* _Input data_:
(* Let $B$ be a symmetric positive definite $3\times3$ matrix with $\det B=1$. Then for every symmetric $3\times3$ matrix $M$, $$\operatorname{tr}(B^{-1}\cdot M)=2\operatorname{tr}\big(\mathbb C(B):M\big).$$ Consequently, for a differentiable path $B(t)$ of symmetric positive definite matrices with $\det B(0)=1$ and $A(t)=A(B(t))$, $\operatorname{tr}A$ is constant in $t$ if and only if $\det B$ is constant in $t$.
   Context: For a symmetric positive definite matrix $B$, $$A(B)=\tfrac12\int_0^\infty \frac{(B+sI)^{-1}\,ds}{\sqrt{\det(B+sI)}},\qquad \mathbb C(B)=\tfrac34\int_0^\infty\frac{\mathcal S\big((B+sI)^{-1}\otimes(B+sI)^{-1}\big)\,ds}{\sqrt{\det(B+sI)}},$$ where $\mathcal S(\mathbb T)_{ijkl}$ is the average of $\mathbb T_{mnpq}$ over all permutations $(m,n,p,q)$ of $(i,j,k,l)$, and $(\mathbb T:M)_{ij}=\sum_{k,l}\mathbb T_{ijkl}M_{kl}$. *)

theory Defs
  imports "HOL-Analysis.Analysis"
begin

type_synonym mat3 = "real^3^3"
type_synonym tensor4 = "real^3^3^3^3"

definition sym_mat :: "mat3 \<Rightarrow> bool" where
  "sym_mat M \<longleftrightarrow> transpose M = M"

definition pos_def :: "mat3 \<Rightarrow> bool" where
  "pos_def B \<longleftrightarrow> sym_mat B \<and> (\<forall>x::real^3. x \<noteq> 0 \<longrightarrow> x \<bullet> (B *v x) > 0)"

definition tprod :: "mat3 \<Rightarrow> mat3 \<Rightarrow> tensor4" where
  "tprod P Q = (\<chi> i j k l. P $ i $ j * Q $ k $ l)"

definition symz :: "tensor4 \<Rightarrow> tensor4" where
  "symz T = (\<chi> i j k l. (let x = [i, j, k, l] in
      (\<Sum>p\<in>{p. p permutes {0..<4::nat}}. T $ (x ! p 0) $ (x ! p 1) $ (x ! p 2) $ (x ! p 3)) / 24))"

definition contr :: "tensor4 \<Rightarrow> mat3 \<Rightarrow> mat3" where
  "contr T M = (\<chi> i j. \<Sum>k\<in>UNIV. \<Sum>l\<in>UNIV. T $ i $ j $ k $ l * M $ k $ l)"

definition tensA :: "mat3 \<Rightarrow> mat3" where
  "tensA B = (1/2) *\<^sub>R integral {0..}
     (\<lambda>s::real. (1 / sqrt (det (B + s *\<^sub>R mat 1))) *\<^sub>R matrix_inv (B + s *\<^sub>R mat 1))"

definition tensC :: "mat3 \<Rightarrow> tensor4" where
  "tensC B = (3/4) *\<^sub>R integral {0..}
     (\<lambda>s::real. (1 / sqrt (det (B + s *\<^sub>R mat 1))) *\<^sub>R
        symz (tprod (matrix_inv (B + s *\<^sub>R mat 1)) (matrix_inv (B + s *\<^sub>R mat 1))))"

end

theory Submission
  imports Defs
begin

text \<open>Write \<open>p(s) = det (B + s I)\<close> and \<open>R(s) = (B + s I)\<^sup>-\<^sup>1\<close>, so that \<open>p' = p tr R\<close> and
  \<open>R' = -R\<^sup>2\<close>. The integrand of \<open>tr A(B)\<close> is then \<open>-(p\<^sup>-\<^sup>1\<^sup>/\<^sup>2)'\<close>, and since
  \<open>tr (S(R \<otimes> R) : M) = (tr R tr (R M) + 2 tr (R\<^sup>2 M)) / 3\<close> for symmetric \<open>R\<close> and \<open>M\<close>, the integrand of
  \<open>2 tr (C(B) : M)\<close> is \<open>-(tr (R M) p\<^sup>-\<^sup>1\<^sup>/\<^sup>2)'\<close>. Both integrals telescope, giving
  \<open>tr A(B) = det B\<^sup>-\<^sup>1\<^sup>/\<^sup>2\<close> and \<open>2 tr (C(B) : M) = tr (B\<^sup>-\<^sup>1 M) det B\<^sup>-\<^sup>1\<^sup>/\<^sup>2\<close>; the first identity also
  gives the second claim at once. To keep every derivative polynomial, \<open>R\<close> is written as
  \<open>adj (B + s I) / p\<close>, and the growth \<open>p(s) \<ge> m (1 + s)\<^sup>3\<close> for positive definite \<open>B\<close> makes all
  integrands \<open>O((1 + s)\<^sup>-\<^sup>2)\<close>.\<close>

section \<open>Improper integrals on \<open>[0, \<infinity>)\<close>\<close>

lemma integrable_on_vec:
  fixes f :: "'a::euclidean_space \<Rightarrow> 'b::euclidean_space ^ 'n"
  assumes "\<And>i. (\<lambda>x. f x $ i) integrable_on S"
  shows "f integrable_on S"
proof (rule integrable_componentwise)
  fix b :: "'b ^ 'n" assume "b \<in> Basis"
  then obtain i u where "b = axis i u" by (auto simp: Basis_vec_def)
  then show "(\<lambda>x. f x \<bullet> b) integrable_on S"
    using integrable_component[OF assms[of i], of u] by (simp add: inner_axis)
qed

...

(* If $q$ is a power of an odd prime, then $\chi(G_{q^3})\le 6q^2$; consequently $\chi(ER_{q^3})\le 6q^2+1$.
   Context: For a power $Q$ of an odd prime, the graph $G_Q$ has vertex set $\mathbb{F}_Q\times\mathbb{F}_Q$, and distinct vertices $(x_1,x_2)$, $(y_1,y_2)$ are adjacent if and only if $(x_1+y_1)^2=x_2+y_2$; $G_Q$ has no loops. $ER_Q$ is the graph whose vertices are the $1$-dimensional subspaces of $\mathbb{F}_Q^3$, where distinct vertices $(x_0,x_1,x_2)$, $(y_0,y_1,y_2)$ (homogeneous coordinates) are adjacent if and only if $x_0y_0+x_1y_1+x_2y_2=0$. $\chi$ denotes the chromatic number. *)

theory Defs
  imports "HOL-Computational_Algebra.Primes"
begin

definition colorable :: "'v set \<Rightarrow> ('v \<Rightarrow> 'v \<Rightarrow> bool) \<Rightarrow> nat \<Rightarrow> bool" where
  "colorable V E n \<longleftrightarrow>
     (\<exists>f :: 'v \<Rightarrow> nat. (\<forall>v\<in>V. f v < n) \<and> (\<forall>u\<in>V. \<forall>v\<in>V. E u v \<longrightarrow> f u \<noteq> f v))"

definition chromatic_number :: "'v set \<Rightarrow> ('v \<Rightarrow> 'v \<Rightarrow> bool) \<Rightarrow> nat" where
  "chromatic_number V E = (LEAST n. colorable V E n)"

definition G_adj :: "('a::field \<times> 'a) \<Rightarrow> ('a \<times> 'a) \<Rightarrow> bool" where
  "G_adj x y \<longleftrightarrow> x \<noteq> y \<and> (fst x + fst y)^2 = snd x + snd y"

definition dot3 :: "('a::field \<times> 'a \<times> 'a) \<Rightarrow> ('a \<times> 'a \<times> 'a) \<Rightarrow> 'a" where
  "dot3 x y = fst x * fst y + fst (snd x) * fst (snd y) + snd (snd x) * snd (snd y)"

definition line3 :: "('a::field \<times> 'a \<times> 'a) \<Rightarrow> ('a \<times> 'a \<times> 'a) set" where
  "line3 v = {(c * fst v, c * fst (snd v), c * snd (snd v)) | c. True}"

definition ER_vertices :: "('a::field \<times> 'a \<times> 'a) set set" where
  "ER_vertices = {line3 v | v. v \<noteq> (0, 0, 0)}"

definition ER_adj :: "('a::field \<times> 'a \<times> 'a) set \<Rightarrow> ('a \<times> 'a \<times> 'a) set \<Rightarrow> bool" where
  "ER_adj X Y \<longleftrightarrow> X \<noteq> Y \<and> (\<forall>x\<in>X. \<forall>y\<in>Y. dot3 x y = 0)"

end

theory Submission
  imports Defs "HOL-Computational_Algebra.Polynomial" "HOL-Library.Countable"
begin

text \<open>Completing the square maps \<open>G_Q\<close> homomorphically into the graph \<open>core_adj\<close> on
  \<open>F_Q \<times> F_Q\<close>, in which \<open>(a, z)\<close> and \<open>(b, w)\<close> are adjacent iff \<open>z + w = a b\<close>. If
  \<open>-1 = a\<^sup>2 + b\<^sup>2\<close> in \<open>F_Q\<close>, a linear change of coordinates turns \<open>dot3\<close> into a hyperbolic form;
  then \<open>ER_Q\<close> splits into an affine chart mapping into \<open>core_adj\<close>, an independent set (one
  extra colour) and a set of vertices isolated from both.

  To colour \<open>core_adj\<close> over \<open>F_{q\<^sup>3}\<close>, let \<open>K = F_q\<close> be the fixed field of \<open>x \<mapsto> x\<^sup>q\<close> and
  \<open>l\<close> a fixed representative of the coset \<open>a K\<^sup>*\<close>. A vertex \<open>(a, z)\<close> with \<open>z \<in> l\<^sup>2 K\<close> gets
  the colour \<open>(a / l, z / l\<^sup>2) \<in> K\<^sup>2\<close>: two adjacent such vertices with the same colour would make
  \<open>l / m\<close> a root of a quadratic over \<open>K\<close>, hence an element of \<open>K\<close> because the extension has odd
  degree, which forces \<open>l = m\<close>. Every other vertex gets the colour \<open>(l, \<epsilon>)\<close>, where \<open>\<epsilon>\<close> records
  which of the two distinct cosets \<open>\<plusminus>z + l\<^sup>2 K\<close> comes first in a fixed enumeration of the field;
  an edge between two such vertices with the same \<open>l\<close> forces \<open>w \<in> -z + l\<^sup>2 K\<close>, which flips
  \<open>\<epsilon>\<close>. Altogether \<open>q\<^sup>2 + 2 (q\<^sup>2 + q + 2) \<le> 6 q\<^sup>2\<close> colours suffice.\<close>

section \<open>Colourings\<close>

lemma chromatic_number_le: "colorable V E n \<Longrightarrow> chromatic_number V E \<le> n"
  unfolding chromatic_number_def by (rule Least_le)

* _Exercise objective_:
With the line holding "and \<open>M\<close>, the integrand of" as the first and the line holding "integrals telescope, giving" as the last, set down that range of the entries above exactly, and nothing else.

* _Completed task_:
  \<open>tr (S(R \<otimes> R) : M) = (tr R tr (R M) + 2 tr (R\<^sup>2 M)) / 3\<close> for symmetric \<open>R\<close> and \<open>M\<close>, the integrand of
  \<open>2 tr (C(B) : M)\<close> is \<open>-(tr (R M) p\<^sup>-\<^sup>1\<^sup>/\<^sup>2)'\<close>. Both integrals telescope, giving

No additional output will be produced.